##### RECORDED DATA #####

(* Let $p>1$, $N\ge m$, and fix $\varepsilon>0$. For almost all $(A,y)\in\mathbb R^{m\times N}\times\mathbb R^m$ with $\|y\|_2>\varepsilon$, the unique optimal solution $x^*$ of $\min_{x\in\mathbb R^N}\|x\|_p$ subject to $\|Ax-y\|_2\le\varepsilon$ satisfies $|\mathrm{supp}(x^* )|=N$.
   Context: $\|x\|_p:=(\sum_i|x_i|^p)^{1/p}$; $\mathrm{supp}(x)=\{i:x_i\ne0\}$. "For almost all" means outside a set of Lebesgue measure zero. *)

theory Defs
  imports "HOL-Analysis.Analysis"
begin

definition lp_norm :: "real \<Rightarrow> real ^ 'n \<Rightarrow> real" where
  "lp_norm p x = (\<Sum>i\<in>UNIV. \<bar>x $ i\<bar> powr p) powr (1 / p)"

definition supp :: "real ^ 'n \<Rightarrow> 'n set" where
  "supp x = {i. x $ i \<noteq> 0}"

definition lp_opt :: "real \<Rightarrow> real \<Rightarrow> real ^ 'n ^ 'm \<Rightarrow> real ^ 'm \<Rightarrow> real ^ 'n \<Rightarrow> bool" where
  "lp_opt p eps A y x \<longleftrightarrow>
     norm (A *v x - y) \<le> eps \<and>
     (\<forall>z. norm (A *v z - y) \<le> eps \<longrightarrow> lp_norm p x \<le> lp_norm p z)"

end

theory Submission
  imports Defs
begin

text \<open>
  Since \<open>|t|^p\<close> is strictly convex, the problem has at most one solution, and it has one
  as soon as \<open>Ax = y\<close> is solvable, that is, unless the rows of \<open>A\<close> are dependent.
  When \<open>\<parallel>y\<parallel> > \<epsilon>\<close> the optimum \<open>x\<close> lies on the sphere \<open>\<parallel>Ax - y\<parallel> = \<epsilon>\<close>, and if \<open>x\<^sub>j = 0\<close> then
  the residual \<open>y - Ax\<close> is orthogonal to column \<open>j\<close> of \<open>A\<close>: otherwise moving \<open>x\<^sub>j\<close> by a small
  \<open>\<tau>\<close> gains of order \<open>\<tau>\<close> in the residual at a cost of only \<open>\<tau>\<^sup>p\<close> in the objective, and
  shrinking the result a little beats \<open>x\<close>.
  Such an \<open>x\<close> also solves the problem restricted to \<open>x\<^sub>j = 0\<close>, which does not involve column
  \<open>j\<close> and has a unique optimal residual; so if column \<open>j\<close> is perturbed by \<open>v\<close>, orthogonality
  confines \<open>v\<close> to a hyperplane. Similarly, if row \<open>i\<close> is perturbed by \<open>w\<close>, dependence of the
  rows confines \<open>w\<close> to an affine subspace of dimension \<open>m - 1 < N\<close>. By Fubini, a Borel set
  meeting every translate of such a linear direction in a null set is null.
\<close>

section \<open>Convexity of \<open>|t|^p\<close>\<close>

lemma powr_tangent_less:
  fixes p a c :: real
  assumes p: "p > 1" and c: "c > 0" and a: "a \<ge> 0" "a \<noteq> c"
  shows "c powr p + p * c powr (p - 1) * (a - c) < a powr p"
proof -
  define \<phi> where "\<phi> t = t powr p - p * c powr (p - 1) * t" for t :: real
  define \<phi>' where "\<phi>' t = p * t powr (p - 1) - p * c powr (p - 1)" for t :: real
  have der: "(\<phi> has_real_derivative \<phi>' t) (at t)" if "t > 0" for t
    unfolding \<phi>_def \<phi>'_def using that by (auto intro!: derivative_eq_intros)
  have cont: "continuous_on {u..v} \<phi>" if "u \<ge> 0" for u v
    unfolding \<phi>_def using p that
    by (intro continuous_on_diff continuous_on_powr' continuous_intros) auto
  have "\<phi> c < \<phi> a"
  proof (cases "a < c")
    case True
    show ?thesis
    proof (rule DERIV_neg_imp_decreasing_open[OF True])
      fix t assume "a < t" "t < c"
      then have "t powr (p - 1) < c powr (p - 1)"
        using a p by (intro powr_less_mono2) auto
      then show "\<exists>d. (\<phi> has_real_derivative d) (at t) \<and> d < 0"
        using der[of t] \<open>a < t\<close> a p by (intro exI[of _ "\<phi>' t"] conjI) (auto simp: \<phi>'_def)
    qed (use cont a in auto)
  next
    case False
    then have "c < a" using a by simp
    show ?thesis
    proof (rule DERIV_pos_imp_increasing_open[OF \<open>c < a\<close>])
      fix t assume "c < t" "t < a"
      then have "c powr (p - 1) < t powr (p - 1)"
        using c p by (intro powr_less_mono2) auto
      then show "\<exists>d. (\<phi> has_real_derivative d) (at t) \<and> d > 0"
        using der[of t] \<open>c < t\<close> c p by (intro exI[of _ "\<phi>' t"] conjI) (auto simp: \<phi>'_def)
    qed (use cont c in auto)
  qed
  then show ?thesis
    unfolding \<phi>_def right_diff_distrib by linarith
qed

lemma powr_tangent_le:
  fixes p a c :: real
  assumes "p > 1" "c > 0" "a \<ge> 0"
  shows "c powr p + p * c powr (p - 1) * (a - c) \<le> a powr p"
  using powr_tangent_less[OF assms] by (cases "a = c") (auto simp: less_imp_le)

lemma abs_powr_convex:
  fixes p a b t :: real
  assumes p: "p > 1" and t: "0 \<le> t" "t \<le> 1"
  shows "\<bar>(1 - t) * a + t * b\<bar> powr p \<le> (1 - t) * \<bar>a\<bar> powr p + t * \<bar>b\<bar> powr p"
proof -
  define c where "c = (1 - t) * \<bar>a\<bar> + t * \<bar>b\<bar>"
  have "\<bar>(1 - t) * a + t * b\<bar> \<le> c"
    unfolding c_def using t by (metis abs_mult abs_of_nonneg abs_triangle_ineq diff_ge_0_iff_ge)
  then have "\<bar>(1 - t) * a + t * b\<bar> powr p \<le> c powr p"
    using p by (intro powr_mono2) auto
  also have "c powr p \<le> (1 - t) * \<bar>a\<bar> powr p + t * \<bar>b\<bar> powr p"
  proof (cases "c = 0")
    case True
    then show ?thesis using t by simp
  next
    case False
    then have c: "c > 0" using t by (simp add: c_def order.not_eq_order_implies_strict)
    let ?P = "p * c powr (p - 1)"
    have "c powr p = (1 - t) * (c powr p + ?P * (\<bar>a\<bar> - c)) + t * (c powr p + ?P * (\<bar>b\<bar> - c))"
      by (simp add: c_def algebra_simps)
    also have "\<dots> \<le> (1 - t) * \<bar>a\<bar> powr p + t * \<bar>b\<bar> powr p"
      using t powr_tangent_le[OF p c] by (intro add_mono mult_left_mono) auto
    finally show ?thesis .
  qed
  finally show ?thesis .
qed

lemma abs_powr_midpoint_less:
  fixes p a b :: real
  assumes p: "p > 1" and ab: "a \<noteq> b"
  shows "\<bar>(a + b) / 2\<bar> powr p < (\<bar>a\<bar> powr p + \<bar>b\<bar> powr p) / 2"
proof (cases "\<bar>a\<bar> = \<bar>b\<bar>")
  case True
  then have "b = - a" "a \<noteq> 0" using ab by (auto simp: abs_eq_iff)
  then show ?thesis by simp
next
  case False
  define c where "c = (\<bar>a\<bar> + \<bar>b\<bar>) / 2"
  have c: "c > 0" using False by (auto simp: c_def)
  have "\<bar>(a + b) / 2\<bar> powr p \<le> c powr p"
    unfolding c_def using p by (intro powr_mono2) auto
  also have "\<dots> = ((c powr p + p * c powr (p - 1) * (\<bar>a\<bar> - c))
                    + (c powr p + p * c powr (p - 1) * (\<bar>b\<bar> - c))) / 2"
    by (simp add: c_def algebra_simps)
  also have "\<dots> < (\<bar>a\<bar> powr p + \<bar>b\<bar> powr p) / 2"
  proof -
    have "\<bar>a\<bar> \<noteq> c \<or> \<bar>b\<bar> \<noteq> c" using False by (auto simp: c_def)
    then show ?thesis
      using powr_tangent_le[OF p c, of "\<bar>a\<bar>"] powr_tangent_le[OF p c, of "\<bar>b\<bar>"]
        powr_tangent_less[OF p c, of "\<bar>a\<bar>"] powr_tangent_less[OF p c, of "\<bar>b\<bar>"]
      by auto
  qed
  finally show ?thesis .
qed

section \<open>The \<open>p\<close>-th power of the \<open>\<ell>\<^sub>p\<close> norm\<close>

definition lp_sum :: "real \<Rightarrow> real ^ 'n \<Rightarrow> real" where
  "lp_sum p x = (\<Sum>i\<in>UNIV. \<bar>x $ i\<bar> powr p)"

lemma lp_norm_eq_lp_sum_powr: "lp_norm p x = lp_sum p x powr (1 / p)"
  unfolding lp_norm_def lp_sum_def ..

lemma lp_sum_nonneg: "lp_sum p x \<ge> 0"
  unfolding lp_sum_def by (intro sum_nonneg) simp

lemma lp_norm_le_iff:
  assumes "p > 0"
  shows "lp_norm p x \<le> lp_norm p z \<longleftrightarrow> lp_sum p x \<le> lp_sum p z"
proof
  assume "lp_norm p x \<le> lp_norm p z"
  then show "lp_sum p x \<le> lp_sum p z"
    unfolding lp_norm_eq_lp_sum_powr using assms lp_sum_nonneg
    by (meson not_le powr_less_mono2 zero_less_divide_1_iff)
next
  assume "lp_sum p x \<le> lp_sum p z"
  then show "lp_norm p x \<le> lp_norm p z"
    unfolding lp_norm_eq_lp_sum_powr using assms lp_sum_nonneg by (intro powr_mono2) auto
qed

lemma lp_sum_convex:
  assumes "p > 1" "0 \<le> t" "t \<le> 1"
  shows "lp_sum p ((1 - t) *\<^sub>R x + t *\<^sub>R z) \<le> (1 - t) * lp_sum p x + t * lp_sum p z"
  unfolding lp_sum_def sum_distrib_left sum.distrib[symmetric]
  by (intro sum_mono) (use abs_powr_convex[OF assms] in simp)

lemma lp_sum_midpoint_less:
  assumes p: "p > 1" and "x \<noteq> z"
  shows "lp_sum p (midpoint x z) < (lp_sum p x + lp_sum p z) / 2"
proof -
  obtain i where i: "x $ i \<noteq> z $ i" using \<open>x \<noteq> z\<close> by (metis vec_eq_iff)
  have "lp_sum p (midpoint x z) < (\<Sum>k\<in>UNIV. (\<bar>x $ k\<bar> powr p + \<bar>z $ k\<bar> powr p) / 2)"
    unfolding lp_sum_def
  proof (rule sum_strict_mono_ex1)
    show "\<forall>k\<in>UNIV. \<bar>midpoint x z $ k\<bar> powr p \<le> (\<bar>x $ k\<bar> powr p + \<bar>z $ k\<bar> powr p) / 2"
      using abs_powr_convex[OF p, of "1/2"] by (auto simp: midpoint_def field_simps)
    show "\<exists>k\<in>UNIV. \<bar>midpoint x z $ k\<bar> powr p < (\<bar>x $ k\<bar> powr p + \<bar>z $ k\<bar> powr p) / 2"
      using abs_powr_midpoint_less[OF p i] by (auto simp: midpoint_def field_simps)
  qed simp
  also have "\<dots> = (lp_sum p x + lp_sum p z) / 2"
    by (simp add: lp_sum_def sum.distrib sum_divide_distrib[symmetric])
  finally show ?thesis .
qed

#####

- _THE TASK_: Where the listing above reaches the line that contains "by \<open>v\<close>, orthogonality", start retyping, and finish with the line that contains "using a p by"; reproduce those lines exactly and no others.

- _RESULT OF THIS TASK_:
  \<open>j\<close> and has a unique optimal residual; so if column \<open>j\<close> is perturbed by \<open>v\<close>, orthogonality
  confines \<open>v\<close> to a hyperplane. Similarly, if row \<open>i\<close> is perturbed by \<open>w\<close>, dependence of the
  rows confines \<open>w\<close> to an affine subspace of dimension \<open>m - 1 < N\<close>. By Fubini, a Borel set
  meeting every translate of such a linear direction in a null set is null.
\<close>

section \<open>Convexity of \<open>|t|^p\<close>\<close>

lemma powr_tangent_less:
  fixes p a c :: real
  assumes p: "p > 1" and c: "c > 0" and a: "a \<ge> 0" "a \<noteq> c"
  shows "c powr p + p * c powr (p - 1) * (a - c) < a powr p"
proof -
  define \<phi> where "\<phi> t = t powr p - p * c powr (p - 1) * t" for t :: real
  define \<phi>' where "\<phi>' t = p * t powr (p - 1) - p * c powr (p - 1)" for t :: real
  have der: "(\<phi> has_real_derivative \<phi>' t) (at t)" if "t > 0" for t
    unfolding \<phi>_def \<phi>'_def using that by (auto intro!: derivative_eq_intros)
  have cont: "continuous_on {u..v} \<phi>" if "u \<ge> 0" for u v
    unfolding \<phi>_def using p that
    by (intro continuous_on_diff continuous_on_powr' continuous_intros) auto
  have "\<phi> c < \<phi> a"
  proof (cases "a < c")
    case True
    show ?thesis
    proof (rule DERIV_neg_imp_decreasing_open[OF True])
      fix t assume "a < t" "t < c"
      then have "t powr (p - 1) < c powr (p - 1)"
        using a p by (intro powr_less_mono2) auto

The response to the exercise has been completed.